O projeto foi adiado por tempo indeterminado —não devido à controvérsia, diz a rede. Mas a HBO continua interessada em materiais de natureza épica: está prevista para estrear este ano uma adaptação da trilogia “His Dark Materials” (“Fronteiras do Universo”), de Philip Pullman, em coprodução com a BBC, e Damon Lindelof, criador de “Lost”, está trabalhando sobre uma adaptação da série em quadrinhos “Watchmen”, da DC. Enquanto isso, o capital cultural acumulado pelo universo de “Game of Thrones” deve ser investido: já foi encomendada uma série de prequel, com história que precede a original, com Naomi Watts no papel principal. Também já foram discutidos quatro outros spin-offs.

Mas parece pouco provável que qualquer destes capte o zeitgeist tão bem quanto o original. “O próximo ‘Game of Thrones’ provavelmente não será um épico de fantasia”, diz Sepinwall, “assim como o ‘Sopranos’ seguinte não foi outra história de mafiosos. Nunca é assim que funciona”.

David Simon, criador de “The Wire”, disse certa vez: “O público é como uma criança. ‘Venha para a mesa’, você diz. ‘Seu jantar está aqui.’ As batatas e os legumes estão no prato. Mas as pessoas querem o sorvete”.

Talvez “Game of Thrones” nunca tenha sido mais que o sorvete —o prazer carregado de culpa de uma geração infantilizada que não quer mais se dar ao trabalho de encarar os rigores de obras de arte sérias; uma série que, nas palavras do romancista Adam Foulds, recebeu “um bronzeado fake para parecer que é classudo”. Mas muitos que adoram o seriado não o enxergam assim.

Algumas semanas antes de a temporada final começar, voltei ao Three Compasses, aquele pub em que se deu meu despertar para “Game of Thrones”. Hoje o pub está cheio de exatamente o tipo de frequentadores millennials que imaginamos como sendo o público-alvo da série.
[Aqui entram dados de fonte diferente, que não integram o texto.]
(* There is an absolute constant $C>0$ such that the following holds. For all $\varepsilon\in(0,1)$, $\delta\in(0,1/2]$, and all $n,D\in\mathbb{N}$, there exists an $(\varepsilon,\delta)$-LNDP algorithm $\mathcal{A}$ on $n$-node graphs such that for every graph $G$ on node set $[n]$ with maximum degree at most $D$, having $m$ edges, \[ \mathbb{E}\big[|\mathcal{A}(G)-m|\big]\le C\,(D\sqrt{n}+n)\cdot\frac{\sqrt{\log(1/\delta)}}{\varepsilon}. \] (The algorithm is private for all graphs on $[n]$; only accuracy uses the degree bound.)
   Context: Graphs are simple and undirected on node set $[n]=\{1,\dots,n\}$; $N_i^G$ is the neighborhood of node $i$ in $G$ and $d_i=|N_i^G|$ its degree. Two graphs $G,G'$ on $[n]$ are node neighbors if they differ only in edges incident to a single node. Random variables $R_1,R_2$ on a common outcome space are $(\varepsilon,\delta)$-indistinguishable if for every measurable event $Y$, $\Pr[R_1\in Y]\le e^{\varepsilon}\Pr[R_2\in Y]+\delta$ and $\Pr[R_2\in Y]\le e^{\varepsilon}\Pr[R_1\in Y]+\delta$. An algorithm $\mathcal{A}$ on $n$-node graphs is (noninteractive) $(\varepsilon,\delta)$-LNDP if there exist a distribution over public random strings $\rho$, local randomizers $\mathcal{R}_{1,\rho},\dots,\mathcal{R}_{n,\rho}$ (randomized maps, run with independent internal randomness), and a postprocessing algorithm $\mathcal{P}$ such that $\mathcal{A}(G)=\mathcal{P}(\mathcal{R}_{1,\rho}(N_1^G),\dots,\mathcal{R}_{n,\rho}(N_n^G))$ with $\rho$ drawn from the public distribution, and for every fixed $\rho$ and every pair of node-neighboring graphs $G,G'$ on $[n]$ the vectors $(\mathcal{R}_{i,\rho}(N_i^G))_{i\in[n]}$ and $(\mathcal{R}_{i,\rho}(N_i^{G'}))_{i\in[n]}$ are $(\varepsilon,\delta)$-indistinguishable. *)

theory Defs
  imports "HOL-Probability.Probability"
begin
Numa mesinha na calçada encontro três mulheres jovens batendo papo sob um aquecedor. “Adoro ‘Game of Thrones’”, me fala uma delas, Eliza, quando pergunto se elas acompanham a série. “Faz tanto tempo desde a última temporada que eu já tinha quase esquecido.”

“Eu não gosto”, interveio sua amiga Flo. “Sinto muito, mas é o sexo, a violência, tudo isso. O tratamento que a série dá às mulheres é uma coisa que não consigo aceitar.”

“Mas muitas das mulheres são realmente poderosas!”, Eliza retruca.

Começa uma discussão animada sobre os prós, os contras, os dragões. Flo acaba capitulando. “Tá bom, talvez eu tente assistir de novo.”

Parece-me que talvez o apelo de “Game of Thrones” esteja exatamente nesse tipo de discussão: os debates intermináveis suscitados pelos aspectos mais polêmicos da série. Na realidade, uma analogia que descreve a experiência melhor talvez não seja outras séries dramáticas, mas o esporte: as análises após as partidas, as lealdades acirradas inspiradas pela série, até mesmo sua estrutura em estilo de torneio que parece se encaminhar satisfatoriamente ao anúncio de um eventual “vencedor”. Tudo isso remete mais a Copa do Mundo que a “Família Soprano”.

Mas também há algo a mais. Na paisagem fraturada da era do entretenimento em streaming, em que o consumo é hiperindividualizado, fazer parte de um coletivo cultural traz um prazer raro. Na noite em que fui ao Three Compasses, um rapaz esbelto, James, me disse que resistiu a “Game of Thrones” durante anos, mas acabou entregando os pontos na temporada passada. Ele explicou: “Pode ser uma grande m..., mas a gente não quer ficar de fora, sabe como é”.